Not surprisingly, gingerbread also shows up in fairy tales. Some of those stories are pretty dark. The Gingerbread Man does not end happily. Hansel and Gretel starts with parental abandonment, and devolves through hunger and cold to end with cannibalism and a particularly gruesome execution of a wicked witch. Even among other Grimm tales, this one seems like a shoe-in for Least Appropriate Story for Children, Ever.
L. Frank Baum believed that modern times called for modern fairy tales, and that modern pedagogy had obviated the need to scare the daylights out of innocent children. He rewrote The Gingerbread Man as John Dough and the Cherub, a children's full-length novel in which John Dough escapes being eaten and becomes a king.

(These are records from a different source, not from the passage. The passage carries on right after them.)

(* Let $F$ be a nonempty $\Omega$-decorated rooted forest. Let $A$ be the set of triples $(\sigma,\tau,\rho)$ where, for some $s\ge r\ge1$, $\sigma:\mathcal V(F)\to\{1,\ldots,s\}$ is a surjection with $u<v\Rightarrow\sigma(u)<\sigma(v)$, $\tau:\{1,\ldots,s\}\to\{1,\ldots,r\}$ is a nondecreasing surjection, and $\rho\in\mathrm{qsh}(\tau)$. Let $B$ be the set of triples $(G,\alpha,\beta)$ where $G$ is a covering subforest of $F$, and for some $r,t\ge1$, $\alpha:\mathcal V(F/G)\to\{1,\ldots,r\}$ is a surjection strictly increasing for the order of $F/G$ (i.e. $x<y\Rightarrow\alpha(x)<\alpha(y)$) and $\beta:\mathcal V(G)\to\{1,\ldots,t\}$ is a surjection strictly increasing for the order of $G$. Then there is a bijection $\Phi:A\to B$ such that, whenever $\Phi(\sigma,\tau,\rho)=(G,\alpha,\beta)$, one has $F^{\tau\circ\sigma}=(F/G)^\alpha$ and $F^{\rho\circ\sigma}=G^\beta$.
   Context: $\Omega$ is a set with a commutative semigroup law written additively, $[a+b]$ the sum. A rooted forest is a finite directed acyclic graph in which each vertex has at most one incoming edge; its vertex set $\mathcal V(F)$ is partially ordered by $u\le v$ iff there is a directed path from a root to $v$ through $u$. An $\Omega$-decorated forest carries a map $d:\mathcal V(F)\to\Omega$. A covering subforest $G$ of $F$ is a partition of $\mathcal V(F)$ into blocks each inducing a connected subgraph, identified with the decorated forest on $\mathcal V(G)=\mathcal V(F)$ obtained by keeping only edges of $F$ inside blocks; $F/G$ is obtained from $F$ by contracting each block to one vertex decorated by the $\Omega$-sum of the decorations of the block. For a decorated forest $H$ and a surjection $\sigma:\mathcal V(H)\to\{1,\ldots,s\}$, $H^\sigma$ is the word $H^\sigma_1\cdots H^\sigma_s$ with $H^\sigma_j=[\sum_{\sigma(v)=j}d(v)]\in\Omega$. For a nondecreasing surjection $\tau:\{1,\ldots,s\}\to\{1,\ldots,r\}$, $\mathrm{qsh}(\tau)$ is the set of surjections $\rho:\{1,\ldots,s\}\to\{1,\ldots,t\}$ (for some $t\le s$) that are strictly increasing on each block $\tau^{-1}(j)$, $j=1,\ldots,r$. *)

theory Defs
  imports Main "HOL-Library.FuncSet" "HOL-Library.Disjoint_Sets"
begin

definition rforest :: "'v set \<Rightarrow> ('v \<times> 'v) set \<Rightarrow> bool" where
  "rforest V E \<longleftrightarrow> finite V \<and> E \<subseteq> V \<times> V \<and> (\<forall>v. (v, v) \<notin> E\<^sup>+)
     \<and> (\<forall>u w v. (u, v) \<in> E \<and> (w, v) \<in> E \<longrightarrow> u = w)"

text \<open>Sum in a commutative semigroup over a nonempty finite set.\<close>
definition osum :: "('a \<Rightarrow> 'o::ab_semigroup_add) \<Rightarrow> 'a set \<Rightarrow> 'o" where
  "osum d S = the (Finite_Set.fold
      (\<lambda>x acc. Some (case acc of None \<Rightarrow> d x | Some a \<Rightarrow> d x + a)) None S)"

definition block_connected :: "('v \<times> 'v) set \<Rightarrow> 'v set \<Rightarrow> bool" where
  "block_connected E Bl \<longleftrightarrow>
     (\<forall>u\<in>Bl. \<forall>v\<in>Bl. (u, v) \<in> ((E \<inter> (Bl \<times> Bl)) \<union> (E \<inter> (Bl \<times> Bl))\<inverse>)\<^sup>*)"

text \<open>Covering subforest, given as the partition of V into its blocks.\<close>
definition covering_subforest :: "'v set \<Rightarrow> ('v \<times> 'v) set \<Rightarrow> 'v set set \<Rightarrow> bool" where
  "covering_subforest V E P \<longleftrightarrow> partition_on V P \<and> (\<forall>Bl\<in>P. block_connected E Bl)"

definition sub_edges :: "('v \<times> 'v) set \<Rightarrow> 'v set set \<Rightarrow> ('v \<times> 'v) set" where
  "sub_edges E P = {(u, v). (u, v) \<in> E \<and> (\<exists>Bl\<in>P. u \<in> Bl \<and> v \<in> Bl)}"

My very favorite gingerbread story is "Mrs. Corry" from Mary Poppins. Mrs. Corry is the proprietor of a dark little shop displaying "rows and rows of dark dry gingerbread, each slab so studded with gilt stars that the shop itself seemed to be faintly lit by them." Mrs. Corry is a sort of benevolent witch: she is so old she remembers when the world was made, and her fingers are sticks of candy. After eating the delicious gingerbread and stowing away the gilt stars, Jane and Michael fall asleep. But late that night, they awaken to see Mary Poppins and Mrs. Corry, atop impossibly tall ladders, pasting the gilt stars into the night sky. "As each one was placed in position, it began to twinkle furiously, sending out rays of sparkling golden light." And that's it. That's the whole story, really. Just a light shining in the darkness, and the wonder of the wide night sky.
On a recent chilly day, I mixed up a batch of gingerbread of my own. Instead of "dry slabs" I made moist little cakes, with a lemon sauce on the side. Delicious for snacking or dessert, these little gems have the scent of childhood: warm, spicy, and sweet. Enjoy them in the chilly days and nights ahead, with tea or mulled wine, or a cup of hot cider.
Notes
This is a gluten-free recipe. If you do not want a gluten-free gingerbread, you can use all-purpose or cake flour, and omit the xanthan gum.
I used "Grandma's Old-fashioned Molasses" for this recipe. The original recipe called for New Orleans black molasses, which is darker and has a stronger flavor. I haven't tried that, but I imagine it would also be good. If you try it, please let me know what you think.
You can also bake these as 6 regular cupcakes, rather than 18 mini-cakes. The larger cupcakes will take an additional 5 minutes or so to bake.
Cream cheese icing is also good on gingerbread. And if you want to make your own little gilt stars, you can cut them out of slices of candied ginger, using a tiny star-shaped cookie cutter.
Inspiration
Gingerbread (which is more like cake than bread, and tastes more like molasses than ginger) is such a staple of traditional baking that every cookbook has a recipe (if not several), and every cook of my mother's generation seemed to have a favorite recipe she swore by. This one is based on "Favorite Gingerbread" in Betty Crocker's Picture Cook Book, from which I also got the lemon sauce.
Jane and Michael Stern, in Square Meals, speak well of a gingerbread recipe they adapted from The Household Searchlight Recipe Book. I'll try that someday soon and let you know.